**WHAT THE EXERCISE ASKS:** Each record that follows is to be output in full, precisely as written.

**DATA:**
lemma Delta_C_I_mult_W:
  fixes B :: "'a::idom poly mat"
  assumes B: "B \<in> carrier_mat (l+1) (l+1)" and s: "s \<le> l" and R: "R \<noteq> 0"
    and k: "1 \<le> k" "k - 1 \<le> degree R"
    and det: "det (B * W_mat k l) \<noteq> 0" "degree (det (B * W_mat k l)) = mat_deg (B * W_mat k l)"
  shows "Delta (C_I B l s R * W_mat k (l+1)) = int s * (int (degree R) - int k + 1)"
proof -
  obtain c where c: "k = c + 1" using k(1) by (metis le_add_diff_inverse2)
  define a where "a = l - s + 1"
  have la: "l + 1 = a + s" using s by (simp add: a_def)
  have "degree (det (C_I B l s R * W_mat k (l+1))) = (l + 1) * c + mat_deg (B * W_mat k l)"
    using det det_C_I_mult_W[OF B s] c
    by (simp add: degree_mult_eq monom_eq_0_iff degree_monom_eq)
  also have "(l + 1) * c = a * c + s * c"
    unfolding la by (rule add_mult_distrib)
  finally have "degree (det (C_I B l s R * W_mat k (l+1))) = a * c + s * c + mat_deg (B * W_mat k l)" .
  moreover have "mat_deg (C_I B l s R * W_mat k (l+1)) = mat_deg (B * W_mat k l) + (s * degree R + a * c)"
    using mat_deg_C_I_mult_W[OF B s R k(2)] c by (simp add: a_def)
  ultimately show ?thesis
    using c by (simp add: Delta_def algebra_simps)
qed

lemma zero_in_M_module: "0 \<in> M_module n s l alpha r'"
  by (simp add: M_module_def shift_XY_def no_low_monomials_def)

theorem lemma8:
  fixes alpha w r :: "nat \<Rightarrow> 'a::{field,finite}"
    and n k s l :: nat and R :: "'a poly" and B :: "'a poly mat"
  assumes "1 \<le> k" "k < n" "n < card (UNIV :: 'a set)"
    and "\<forall>i<n. \<forall>j<n. i \<noteq> j \<longrightarrow> alpha i \<noteq> alpha j"
    and "\<forall>i<n. alpha i \<noteq> 0" "\<forall>i<n. w i \<noteq> 0"
    and "degree R < n" "\<forall>i<n. poly R (alpha i) = r i / w i"
    and "\<not> (\<exists>f. degree f < k \<and> (\<forall>i<n. r i = w i * poly f (alpha i)))"
    and "0 < s" "s \<le> l"
    and "B \<in> carrier_mat (l+1) (l+1)"
    and "represents_basis B (M_module n s l alpha (\<lambda>i. r i / w i))"
    and "weak_popov (B * W_mat k l)"
  shows "Delta (C_I B l s R * W_mat k (l+1)) = int s * (int (degree R) - int k + 1)
       \<and> int s * (int (degree R) - int k + 1) \<le> int s * (int n - int k)"
proof -
  have "k \<le> degree R"
  proof (rule ccontr)
    assume "\<not> k \<le> degree R"
    moreover have "\<forall>i<n. r i = w i * poly R (alpha i)" using assms(6,8) by simp
    ultimately show False using assms(9) by (meson not_le)
  qed
  then have R: "R \<noteq> 0" using assms(1) by auto
  have rows: "\<exists>j<l+1. (B * W_mat k l) $$ (i, j) \<noteq> 0" if "i < l+1" for i
  proof -
    have "\<exists>j<l+1. B $$ (i, j) \<noteq> 0"
      using represents_basis_row_nonzero[OF assms(13) zero_in_M_module, of i] that
      unfolding carrier_matD[OF assms(12)] .
    then obtain j where "j < l+1" "B $$ (i, j) \<noteq> 0" by blast
    then show ?thesis
      using index_mult_W_mat[OF assms(12) that] by (auto simp: monom_eq_0_iff)
  qed
  have "B * W_mat k l \<in> carrier_mat (l+1) (l+1)"
    using mult_carrier_mat[OF assms(12) W_mat_carrier] .
  note det = degree_det_weak_popov[OF this assms(14) rows]
  have "Delta (C_I B l s R * W_mat k (l+1)) = int s * (int (degree R) - int k + 1)"
    using \<open>k \<le> degree R\<close> by (intro Delta_C_I_mult_W[OF assms(12,11) R assms(1) _ det]) simp
  moreover have "int s * (int (degree R) - int k + 1) \<le> int s * (int n - int k)"
    using assms(7) by (intro mult_left_mono) auto
  ultimately show ?thesis by simp
qed

end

**SOLUTION TO THIS PROBLEM:**
lemma Delta_C_I_mult_W:
  fixes B :: "'a::idom poly mat"
  assumes B: "B \<in> carrier_mat (l+1) (l+1)" and s: "s \<le> l" and R: "R \<noteq> 0"
    and k: "1 \<le> k" "k - 1 \<le> degree R"
    and det: "det (B * W_mat k l) \<noteq> 0" "degree (det (B * W_mat k l)) = mat_deg (B * W_mat k l)"
  shows "Delta (C_I B l s R * W_mat k (l+1)) = int s * (int (degree R) - int k + 1)"
proof -
  obtain c where c: "k = c + 1" using k(1) by (metis le_add_diff_inverse2)
  define a where "a = l - s + 1"
  have la: "l + 1 = a + s" using s by (simp add: a_def)
  have "degree (det (C_I B l s R * W_mat k (l+1))) = (l + 1) * c + mat_deg (B * W_mat k l)"
    using det det_C_I_mult_W[OF B s] c
    by (simp add: degree_mult_eq monom_eq_0_iff degree_monom_eq)
  also have "(l + 1) * c = a * c + s * c"
    unfolding la by (rule add_mult_distrib)
  finally have "degree (det (C_I B l s R * W_mat k (l+1))) = a * c + s * c + mat_deg (B * W_mat k l)" .
  moreover have "mat_deg (C_I B l s R * W_mat k (l+1)) = mat_deg (B * W_mat k l) + (s * degree R + a * c)"
    using mat_deg_C_I_mult_W[OF B s R k(2)] c by (simp add: a_def)
  ultimately show ?thesis
    using c by (simp add: Delta_def algebra_simps)
qed

lemma zero_in_M_module: "0 \<in> M_module n s l alpha r'"
  by (simp add: M_module_def shift_XY_def no_low_monomials_def)

theorem lemma8:
  fixes alpha w r :: "nat \<Rightarrow> 'a::{field,finite}"
    and n k s l :: nat and R :: "'a poly" and B :: "'a poly mat"
  assumes "1 \<le> k" "k < n" "n < card (UNIV :: 'a set)"
    and "\<forall>i<n. \<forall>j<n. i \<noteq> j \<longrightarrow> alpha i \<noteq> alpha j"
    and "\<forall>i<n. alpha i \<noteq> 0" "\<forall>i<n. w i \<noteq> 0"
    and "degree R < n" "\<forall>i<n. poly R (alpha i) = r i / w i"
    and "\<not> (\<exists>f. degree f < k \<and> (\<forall>i<n. r i = w i * poly f (alpha i)))"
    and "0 < s" "s \<le> l"
    and "B \<in> carrier_mat (l+1) (l+1)"
    and "represents_basis B (M_module n s l alpha (\<lambda>i. r i / w i))"
    and "weak_popov (B * W_mat k l)"
  shows "Delta (C_I B l s R * W_mat k (l+1)) = int s * (int (degree R) - int k + 1)
       \<and> int s * (int (degree R) - int k + 1) \<le> int s * (int n - int k)"
proof -
  have "k \<le> degree R"
  proof (rule ccontr)
    assume "\<not> k \<le> degree R"
    moreover have "\<forall>i<n. r i = w i * poly R (alpha i)" using assms(6,8) by simp
    ultimately show False using assms(9) by (meson not_le)
  qed
  then have R: "R \<noteq> 0" using assms(1) by auto
  have rows: "\<exists>j<l+1. (B * W_mat k l) $$ (i, j) \<noteq> 0" if "i < l+1" for i
  proof -
    have "\<exists>j<l+1. B $$ (i, j) \<noteq> 0"
      using represents_basis_row_nonzero[OF assms(13) zero_in_M_module, of i] that
      unfolding carrier_matD[OF assms(12)] .
    then obtain j where "j < l+1" "B $$ (i, j) \<noteq> 0" by blast
    then show ?thesis
      using index_mult_W_mat[OF assms(12) that] by (auto simp: monom_eq_0_iff)
  qed
  have "B * W_mat k l \<in> carrier_mat (l+1) (l+1)"
    using mult_carrier_mat[OF assms(12) W_mat_carrier] .
  note det = degree_det_weak_popov[OF this assms(14) rows]
  have "Delta (C_I B l s R * W_mat k (l+1)) = int s * (int (degree R) - int k + 1)"
    using \<open>k \<le> degree R\<close> by (intro Delta_C_I_mult_W[OF assms(12,11) R assms(1) _ det]) simp
  moreover have "int s * (int (degree R) - int k + 1) \<le> int s * (int n - int k)"
    using assms(7) by (intro mult_left_mono) auto
  ultimately show ?thesis by simp
qed

end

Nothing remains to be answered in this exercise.